Start of Supplied records
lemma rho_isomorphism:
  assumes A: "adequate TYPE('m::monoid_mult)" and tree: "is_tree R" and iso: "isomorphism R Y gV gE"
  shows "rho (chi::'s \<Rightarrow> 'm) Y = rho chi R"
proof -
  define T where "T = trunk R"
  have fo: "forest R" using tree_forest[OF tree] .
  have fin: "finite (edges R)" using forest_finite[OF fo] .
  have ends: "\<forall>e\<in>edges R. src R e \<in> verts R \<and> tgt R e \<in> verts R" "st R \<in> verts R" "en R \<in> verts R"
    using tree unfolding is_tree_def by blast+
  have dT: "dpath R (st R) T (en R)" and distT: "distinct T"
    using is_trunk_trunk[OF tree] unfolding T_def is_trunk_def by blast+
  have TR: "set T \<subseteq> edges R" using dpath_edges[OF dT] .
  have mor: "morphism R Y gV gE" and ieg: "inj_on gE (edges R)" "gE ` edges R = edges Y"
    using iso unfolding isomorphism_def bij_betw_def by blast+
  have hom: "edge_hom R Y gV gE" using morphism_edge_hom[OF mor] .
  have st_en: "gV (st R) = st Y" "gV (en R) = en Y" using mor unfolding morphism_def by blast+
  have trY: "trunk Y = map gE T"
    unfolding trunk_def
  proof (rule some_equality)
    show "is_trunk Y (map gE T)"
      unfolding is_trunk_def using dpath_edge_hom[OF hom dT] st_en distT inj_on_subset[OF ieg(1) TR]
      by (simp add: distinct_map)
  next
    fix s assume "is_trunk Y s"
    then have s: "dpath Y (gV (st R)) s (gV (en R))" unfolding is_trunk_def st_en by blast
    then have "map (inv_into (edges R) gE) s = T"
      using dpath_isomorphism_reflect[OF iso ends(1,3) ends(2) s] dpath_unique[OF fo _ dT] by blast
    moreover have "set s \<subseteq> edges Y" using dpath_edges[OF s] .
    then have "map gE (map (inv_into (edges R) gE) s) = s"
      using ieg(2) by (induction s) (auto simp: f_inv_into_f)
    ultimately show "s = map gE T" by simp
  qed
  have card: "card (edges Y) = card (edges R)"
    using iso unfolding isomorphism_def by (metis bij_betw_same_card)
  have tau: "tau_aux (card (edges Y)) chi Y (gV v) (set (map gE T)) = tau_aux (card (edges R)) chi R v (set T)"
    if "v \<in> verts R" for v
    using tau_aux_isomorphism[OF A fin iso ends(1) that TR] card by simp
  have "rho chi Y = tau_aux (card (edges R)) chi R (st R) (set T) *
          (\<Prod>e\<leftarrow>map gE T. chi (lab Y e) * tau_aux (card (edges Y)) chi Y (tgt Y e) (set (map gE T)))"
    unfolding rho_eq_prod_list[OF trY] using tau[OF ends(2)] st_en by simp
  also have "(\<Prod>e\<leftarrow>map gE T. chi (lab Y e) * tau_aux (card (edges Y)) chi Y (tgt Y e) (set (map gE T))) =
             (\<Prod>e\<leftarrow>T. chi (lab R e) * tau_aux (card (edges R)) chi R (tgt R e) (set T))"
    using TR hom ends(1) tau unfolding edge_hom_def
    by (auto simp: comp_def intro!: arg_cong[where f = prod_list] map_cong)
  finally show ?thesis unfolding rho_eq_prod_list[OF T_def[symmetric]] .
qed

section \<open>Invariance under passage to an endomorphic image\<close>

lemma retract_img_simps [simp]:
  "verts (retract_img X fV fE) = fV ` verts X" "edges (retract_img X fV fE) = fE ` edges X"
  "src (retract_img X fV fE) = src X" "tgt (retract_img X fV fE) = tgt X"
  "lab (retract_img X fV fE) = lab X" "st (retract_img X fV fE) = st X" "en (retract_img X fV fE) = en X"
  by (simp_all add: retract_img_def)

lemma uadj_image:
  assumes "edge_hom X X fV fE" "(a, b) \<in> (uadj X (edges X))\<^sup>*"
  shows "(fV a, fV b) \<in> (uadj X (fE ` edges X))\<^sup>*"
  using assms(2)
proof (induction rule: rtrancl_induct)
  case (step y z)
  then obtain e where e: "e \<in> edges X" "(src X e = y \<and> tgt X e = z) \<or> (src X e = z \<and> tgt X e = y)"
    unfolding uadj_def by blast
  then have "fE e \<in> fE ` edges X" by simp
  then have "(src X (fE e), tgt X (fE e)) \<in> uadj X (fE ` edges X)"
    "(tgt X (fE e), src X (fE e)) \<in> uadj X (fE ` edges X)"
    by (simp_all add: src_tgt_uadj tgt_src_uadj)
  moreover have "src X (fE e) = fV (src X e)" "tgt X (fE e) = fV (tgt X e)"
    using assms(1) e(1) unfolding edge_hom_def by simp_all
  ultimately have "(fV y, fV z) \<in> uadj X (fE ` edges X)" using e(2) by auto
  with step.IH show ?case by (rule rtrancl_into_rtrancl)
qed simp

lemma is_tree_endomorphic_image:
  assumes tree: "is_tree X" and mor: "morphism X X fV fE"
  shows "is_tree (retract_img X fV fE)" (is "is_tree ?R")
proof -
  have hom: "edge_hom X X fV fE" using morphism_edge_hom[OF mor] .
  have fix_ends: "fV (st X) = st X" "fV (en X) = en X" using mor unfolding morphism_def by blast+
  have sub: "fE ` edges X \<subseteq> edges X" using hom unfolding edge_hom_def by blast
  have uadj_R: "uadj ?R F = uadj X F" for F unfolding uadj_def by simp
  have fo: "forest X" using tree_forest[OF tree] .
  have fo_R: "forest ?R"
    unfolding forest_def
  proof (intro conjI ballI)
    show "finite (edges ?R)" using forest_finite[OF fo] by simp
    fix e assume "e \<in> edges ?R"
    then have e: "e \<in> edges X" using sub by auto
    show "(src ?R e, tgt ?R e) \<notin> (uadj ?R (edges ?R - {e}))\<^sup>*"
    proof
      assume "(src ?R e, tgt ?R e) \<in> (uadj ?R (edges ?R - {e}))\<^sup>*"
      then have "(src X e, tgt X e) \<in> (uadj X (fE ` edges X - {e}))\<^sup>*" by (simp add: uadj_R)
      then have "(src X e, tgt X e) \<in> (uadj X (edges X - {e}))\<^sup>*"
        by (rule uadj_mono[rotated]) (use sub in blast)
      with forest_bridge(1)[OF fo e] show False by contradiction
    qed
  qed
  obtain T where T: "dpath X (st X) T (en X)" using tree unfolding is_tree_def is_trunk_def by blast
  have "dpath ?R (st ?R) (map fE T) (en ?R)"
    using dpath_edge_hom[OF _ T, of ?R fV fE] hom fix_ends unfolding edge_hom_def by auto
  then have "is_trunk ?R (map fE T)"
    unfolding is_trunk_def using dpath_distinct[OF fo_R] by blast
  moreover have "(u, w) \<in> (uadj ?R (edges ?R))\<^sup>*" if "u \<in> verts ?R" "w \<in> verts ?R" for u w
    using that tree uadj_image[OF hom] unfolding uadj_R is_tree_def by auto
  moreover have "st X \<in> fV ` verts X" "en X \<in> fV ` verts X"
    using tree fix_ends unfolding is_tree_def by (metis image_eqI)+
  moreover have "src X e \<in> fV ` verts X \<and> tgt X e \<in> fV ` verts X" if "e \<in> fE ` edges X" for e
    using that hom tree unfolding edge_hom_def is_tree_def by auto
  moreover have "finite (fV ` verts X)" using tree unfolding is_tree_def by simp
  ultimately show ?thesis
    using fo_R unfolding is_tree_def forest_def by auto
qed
End of Supplied records
Start of Supplied records
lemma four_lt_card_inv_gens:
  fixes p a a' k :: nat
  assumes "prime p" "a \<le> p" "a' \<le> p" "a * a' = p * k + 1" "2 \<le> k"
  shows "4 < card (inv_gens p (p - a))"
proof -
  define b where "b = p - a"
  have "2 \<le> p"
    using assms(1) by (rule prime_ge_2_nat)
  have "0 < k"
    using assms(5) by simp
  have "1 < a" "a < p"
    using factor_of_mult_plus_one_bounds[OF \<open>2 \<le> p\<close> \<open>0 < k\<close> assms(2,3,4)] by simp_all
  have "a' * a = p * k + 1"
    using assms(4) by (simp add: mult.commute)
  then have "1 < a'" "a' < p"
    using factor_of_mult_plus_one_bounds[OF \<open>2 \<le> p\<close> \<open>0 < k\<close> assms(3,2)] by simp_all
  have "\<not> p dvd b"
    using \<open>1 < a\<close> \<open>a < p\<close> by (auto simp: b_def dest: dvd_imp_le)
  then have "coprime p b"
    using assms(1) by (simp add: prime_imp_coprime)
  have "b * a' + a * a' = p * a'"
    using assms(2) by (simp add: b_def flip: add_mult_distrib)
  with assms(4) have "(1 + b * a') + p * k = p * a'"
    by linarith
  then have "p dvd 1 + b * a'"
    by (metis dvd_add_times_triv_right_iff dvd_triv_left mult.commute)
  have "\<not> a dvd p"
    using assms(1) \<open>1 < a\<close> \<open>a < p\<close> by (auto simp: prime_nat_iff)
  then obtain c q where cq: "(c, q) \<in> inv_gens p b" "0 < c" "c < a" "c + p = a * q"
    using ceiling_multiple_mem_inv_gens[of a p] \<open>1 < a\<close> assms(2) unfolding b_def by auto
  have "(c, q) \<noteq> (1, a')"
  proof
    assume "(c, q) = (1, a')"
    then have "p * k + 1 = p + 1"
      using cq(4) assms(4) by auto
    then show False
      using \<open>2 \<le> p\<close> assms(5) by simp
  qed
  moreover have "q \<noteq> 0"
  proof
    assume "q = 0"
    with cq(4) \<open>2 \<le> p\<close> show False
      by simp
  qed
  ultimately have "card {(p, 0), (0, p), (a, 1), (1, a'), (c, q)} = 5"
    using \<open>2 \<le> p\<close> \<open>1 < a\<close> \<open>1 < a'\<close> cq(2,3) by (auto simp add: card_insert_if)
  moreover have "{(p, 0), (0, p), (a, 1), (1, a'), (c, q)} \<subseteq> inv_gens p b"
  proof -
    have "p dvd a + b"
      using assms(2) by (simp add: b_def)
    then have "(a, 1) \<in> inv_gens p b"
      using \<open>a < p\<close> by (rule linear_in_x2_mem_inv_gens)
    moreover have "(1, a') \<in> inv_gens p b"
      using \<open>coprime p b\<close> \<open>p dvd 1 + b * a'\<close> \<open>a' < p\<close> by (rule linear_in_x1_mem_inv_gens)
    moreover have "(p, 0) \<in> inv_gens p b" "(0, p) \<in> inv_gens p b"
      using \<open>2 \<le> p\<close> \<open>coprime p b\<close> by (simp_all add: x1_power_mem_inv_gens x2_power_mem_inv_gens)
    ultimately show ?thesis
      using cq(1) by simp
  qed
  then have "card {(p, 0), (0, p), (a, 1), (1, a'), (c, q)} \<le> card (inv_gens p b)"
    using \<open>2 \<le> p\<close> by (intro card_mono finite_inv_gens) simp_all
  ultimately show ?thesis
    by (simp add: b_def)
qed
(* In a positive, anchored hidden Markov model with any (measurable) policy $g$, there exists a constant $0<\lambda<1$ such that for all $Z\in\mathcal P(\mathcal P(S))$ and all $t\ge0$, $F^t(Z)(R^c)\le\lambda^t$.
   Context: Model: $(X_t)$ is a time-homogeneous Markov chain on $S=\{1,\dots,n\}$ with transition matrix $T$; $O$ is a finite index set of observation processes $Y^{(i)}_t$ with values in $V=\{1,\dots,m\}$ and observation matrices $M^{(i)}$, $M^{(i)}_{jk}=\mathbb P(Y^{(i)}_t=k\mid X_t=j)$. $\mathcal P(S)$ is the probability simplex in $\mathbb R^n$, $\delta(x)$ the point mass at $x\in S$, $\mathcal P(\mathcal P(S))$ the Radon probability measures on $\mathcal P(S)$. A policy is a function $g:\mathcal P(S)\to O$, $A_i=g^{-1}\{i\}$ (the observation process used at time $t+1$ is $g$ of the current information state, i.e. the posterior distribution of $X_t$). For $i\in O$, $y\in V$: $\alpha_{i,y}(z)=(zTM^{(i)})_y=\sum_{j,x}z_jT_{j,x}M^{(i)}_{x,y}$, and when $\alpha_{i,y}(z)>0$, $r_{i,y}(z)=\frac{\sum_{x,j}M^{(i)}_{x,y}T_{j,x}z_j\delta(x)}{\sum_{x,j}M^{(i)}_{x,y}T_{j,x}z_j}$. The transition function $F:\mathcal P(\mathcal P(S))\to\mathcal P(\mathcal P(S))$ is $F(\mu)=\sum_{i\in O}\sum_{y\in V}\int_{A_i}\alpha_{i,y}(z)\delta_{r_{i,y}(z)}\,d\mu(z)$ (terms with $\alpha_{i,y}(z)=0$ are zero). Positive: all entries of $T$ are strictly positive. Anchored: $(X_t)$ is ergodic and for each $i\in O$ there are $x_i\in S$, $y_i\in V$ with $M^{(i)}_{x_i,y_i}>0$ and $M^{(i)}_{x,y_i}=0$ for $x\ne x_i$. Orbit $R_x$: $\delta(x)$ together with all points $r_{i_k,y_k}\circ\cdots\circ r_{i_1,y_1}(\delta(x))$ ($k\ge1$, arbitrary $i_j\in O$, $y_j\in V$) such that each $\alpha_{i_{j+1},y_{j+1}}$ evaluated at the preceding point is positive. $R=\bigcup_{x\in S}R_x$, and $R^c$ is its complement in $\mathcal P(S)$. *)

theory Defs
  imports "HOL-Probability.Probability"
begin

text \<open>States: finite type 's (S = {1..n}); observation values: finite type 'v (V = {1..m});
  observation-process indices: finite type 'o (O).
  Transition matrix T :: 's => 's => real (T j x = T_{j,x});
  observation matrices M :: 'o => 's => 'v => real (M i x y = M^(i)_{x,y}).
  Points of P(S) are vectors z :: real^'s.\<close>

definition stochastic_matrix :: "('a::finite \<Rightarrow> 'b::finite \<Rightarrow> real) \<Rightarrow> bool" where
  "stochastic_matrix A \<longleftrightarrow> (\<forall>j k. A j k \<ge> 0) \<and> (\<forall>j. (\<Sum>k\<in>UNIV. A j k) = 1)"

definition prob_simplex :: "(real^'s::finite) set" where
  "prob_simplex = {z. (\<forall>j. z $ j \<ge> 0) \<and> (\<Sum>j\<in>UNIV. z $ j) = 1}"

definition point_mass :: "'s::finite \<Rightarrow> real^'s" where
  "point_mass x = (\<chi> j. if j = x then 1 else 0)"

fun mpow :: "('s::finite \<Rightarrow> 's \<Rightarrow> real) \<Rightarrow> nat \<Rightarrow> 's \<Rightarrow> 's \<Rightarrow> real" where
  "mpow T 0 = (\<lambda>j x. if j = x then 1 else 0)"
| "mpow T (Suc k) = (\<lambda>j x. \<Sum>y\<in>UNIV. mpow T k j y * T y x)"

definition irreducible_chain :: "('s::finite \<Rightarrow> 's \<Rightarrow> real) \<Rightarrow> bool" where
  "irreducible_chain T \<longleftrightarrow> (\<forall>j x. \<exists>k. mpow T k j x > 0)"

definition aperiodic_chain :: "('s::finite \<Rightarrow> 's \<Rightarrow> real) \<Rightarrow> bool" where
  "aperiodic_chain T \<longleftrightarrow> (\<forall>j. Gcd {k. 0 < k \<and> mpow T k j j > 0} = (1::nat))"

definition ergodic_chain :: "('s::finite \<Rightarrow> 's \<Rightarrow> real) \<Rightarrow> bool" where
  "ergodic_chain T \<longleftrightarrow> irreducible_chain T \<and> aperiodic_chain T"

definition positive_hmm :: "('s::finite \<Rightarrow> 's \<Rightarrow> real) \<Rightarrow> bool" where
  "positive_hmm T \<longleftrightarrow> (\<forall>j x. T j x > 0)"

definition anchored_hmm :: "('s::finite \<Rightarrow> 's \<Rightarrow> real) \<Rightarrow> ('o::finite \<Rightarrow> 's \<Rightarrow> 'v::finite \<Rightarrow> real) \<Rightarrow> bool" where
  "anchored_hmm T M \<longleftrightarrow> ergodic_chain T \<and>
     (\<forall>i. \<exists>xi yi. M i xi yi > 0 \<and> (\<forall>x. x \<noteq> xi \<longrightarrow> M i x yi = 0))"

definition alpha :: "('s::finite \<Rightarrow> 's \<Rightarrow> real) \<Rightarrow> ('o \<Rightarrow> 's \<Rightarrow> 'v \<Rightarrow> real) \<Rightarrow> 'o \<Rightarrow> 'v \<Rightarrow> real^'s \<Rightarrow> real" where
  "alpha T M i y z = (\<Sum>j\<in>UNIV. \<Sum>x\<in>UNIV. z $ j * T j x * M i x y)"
End of Supplied records
Problem description: Starting at the line with "fix s assume" and ending at the line with "dpath_edges[OF s] .", print each line of the listing above exactly, with no other lines.

Response to the exercise:
    fix s assume "is_trunk Y s"
    then have s: "dpath Y (gV (st R)) s (gV (en R))" unfolding is_trunk_def st_en by blast
    then have "map (inv_into (edges R) gE) s = T"
      using dpath_isomorphism_reflect[OF iso ends(1,3) ends(2) s] dpath_unique[OF fo _ dT] by blast
    moreover have "set s \<subseteq> edges Y" using dpath_edges[OF s] .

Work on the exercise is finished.